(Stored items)
lemma integral_nu_fst:
  fixes \<psi> :: "'x \<Rightarrow> real"
  assumes \<psi>: "\<psi> \<in> borel_measurable MX" and bound: "\<And>x. x \<in> space MX \<Longrightarrow> \<bar>\<psi> x\<bar> \<le> B"
  shows "(\<integral>z. \<psi> (fst z) \<partial>nu MX MY sX sY t)
       = (\<integral>h. (\<integral>x. \<psi> x \<partial>sX t h) \<partial>histm MX MY sX sY t)"
proof -
  have \<psi>_fst: "(\<lambda>z. \<psi> (fst z)) \<in> borel_measurable (MX \<Otimes>\<^sub>M MY)" using \<psi> by measurable
  have "(\<integral>z. \<psi> (fst z) \<partial>nu MX MY sX sY t)
      = (\<integral>h. (\<integral>z. \<psi> (fst z) \<partial>joint sX sY t h) \<partial>histm MX MY sX sY t)"
    unfolding integral_nu[OF \<psi>_fst]
    by (rule integral_histm_Suc_last[OF \<psi>_fst]) (use bound in \<open>auto simp: space_pair_measure\<close>)
  also have "\<dots> = (\<integral>h. (\<integral>x. \<psi> x \<partial>sX t h) \<partial>histm MX MY sX sY t)"
  proof (rule Bochner_Integration.integral_cong[OF refl])
    fix h assume "h \<in> space (histm MX MY sX sY t)"
    then have h: "h \<in> space (hist MX MY t)" by (simp add: sets_eq_imp_space_eq[OF sets_histm])
    have "sets (sX t h) = sets MX" "prob_space (sY t h)"
      using measurable_space[OF sX[unfolded behavioral_def, rule_format] h]
        measurable_space[OF sY[unfolded behavioral_def, rule_format] h]
      by (auto simp: space_prob_algebra)
    then show "(\<integral>z. \<psi> (fst z) \<partial>joint sX sY t h) = (\<integral>x. \<psi> x \<partial>sX t h)"
      unfolding joint_def using \<psi> by (simp add: integral_pair_measure_fst cong: measurable_cong_sets)
  qed
  finally show ?thesis .
qed

end

lemma behavioral_memory_one:
  assumes "sX0 \<in> space (prob_algebra MX)"
    and "(\<lambda>(x, y). sX1 x y) \<in> MX \<Otimes>\<^sub>M MY \<rightarrow>\<^sub>M prob_algebra MX"
  shows "behavioral MX MY MX (memory_one sX0 sX1)"
  unfolding behavioral_def
proof
  fix T show "memory_one sX0 sX1 T \<in> hist MX MY T \<rightarrow>\<^sub>M prob_algebra MX"
  proof (cases T)
    case 0
    have "memory_one sX0 sX1 T = (\<lambda>_. sX0)"
      by (rule ext) (simp add: memory_one_def 0)
    then show ?thesis using assms(1) by simp
  next
    case (Suc t)
    have "memory_one sX0 sX1 T = (\<lambda>h. (\<lambda>(x, y). sX1 x y) (h t))"
      by (rule ext) (simp add: memory_one_def Suc case_prod_beta)
    then show ?thesis using measurable_compose[OF measurable_hist_last assms(2)] Suc by simp
  qed
qed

● WHAT YOU NEED TO DO
Transcribe each record above exactly. Skip none.

● THE ANSWER
lemma integral_nu_fst:
  fixes \<psi> :: "'x \<Rightarrow> real"
  assumes \<psi>: "\<psi> \<in> borel_measurable MX" and bound: "\<And>x. x \<in> space MX \<Longrightarrow> \<bar>\<psi> x\<bar> \<le> B"
  shows "(\<integral>z. \<psi> (fst z) \<partial>nu MX MY sX sY t)
       = (\<integral>h. (\<integral>x. \<psi> x \<partial>sX t h) \<partial>histm MX MY sX sY t)"
proof -
  have \<psi>_fst: "(\<lambda>z. \<psi> (fst z)) \<in> borel_measurable (MX \<Otimes>\<^sub>M MY)" using \<psi> by measurable
  have "(\<integral>z. \<psi> (fst z) \<partial>nu MX MY sX sY t)
      = (\<integral>h. (\<integral>z. \<psi> (fst z) \<partial>joint sX sY t h) \<partial>histm MX MY sX sY t)"
    unfolding integral_nu[OF \<psi>_fst]
    by (rule integral_histm_Suc_last[OF \<psi>_fst]) (use bound in \<open>auto simp: space_pair_measure\<close>)
  also have "\<dots> = (\<integral>h. (\<integral>x. \<psi> x \<partial>sX t h) \<partial>histm MX MY sX sY t)"
  proof (rule Bochner_Integration.integral_cong[OF refl])
    fix h assume "h \<in> space (histm MX MY sX sY t)"
    then have h: "h \<in> space (hist MX MY t)" by (simp add: sets_eq_imp_space_eq[OF sets_histm])
    have "sets (sX t h) = sets MX" "prob_space (sY t h)"
      using measurable_space[OF sX[unfolded behavioral_def, rule_format] h]
        measurable_space[OF sY[unfolded behavioral_def, rule_format] h]
      by (auto simp: space_prob_algebra)
    then show "(\<integral>z. \<psi> (fst z) \<partial>joint sX sY t h) = (\<integral>x. \<psi> x \<partial>sX t h)"
      unfolding joint_def using \<psi> by (simp add: integral_pair_measure_fst cong: measurable_cong_sets)
  qed
  finally show ?thesis .
qed

end

lemma behavioral_memory_one:
  assumes "sX0 \<in> space (prob_algebra MX)"
    and "(\<lambda>(x, y). sX1 x y) \<in> MX \<Otimes>\<^sub>M MY \<rightarrow>\<^sub>M prob_algebra MX"
  shows "behavioral MX MY MX (memory_one sX0 sX1)"
  unfolding behavioral_def
proof
  fix T show "memory_one sX0 sX1 T \<in> hist MX MY T \<rightarrow>\<^sub>M prob_algebra MX"
  proof (cases T)
    case 0
    have "memory_one sX0 sX1 T = (\<lambda>_. sX0)"
      by (rule ext) (simp add: memory_one_def 0)
    then show ?thesis using assms(1) by simp
  next
    case (Suc t)
    have "memory_one sX0 sX1 T = (\<lambda>h. (\<lambda>(x, y). sX1 x y) (h t))"
      by (rule ext) (simp add: memory_one_def Suc case_prod_beta)
    then show ?thesis using measurable_compose[OF measurable_hist_last assms(2)] Suc by simp
  qed
qed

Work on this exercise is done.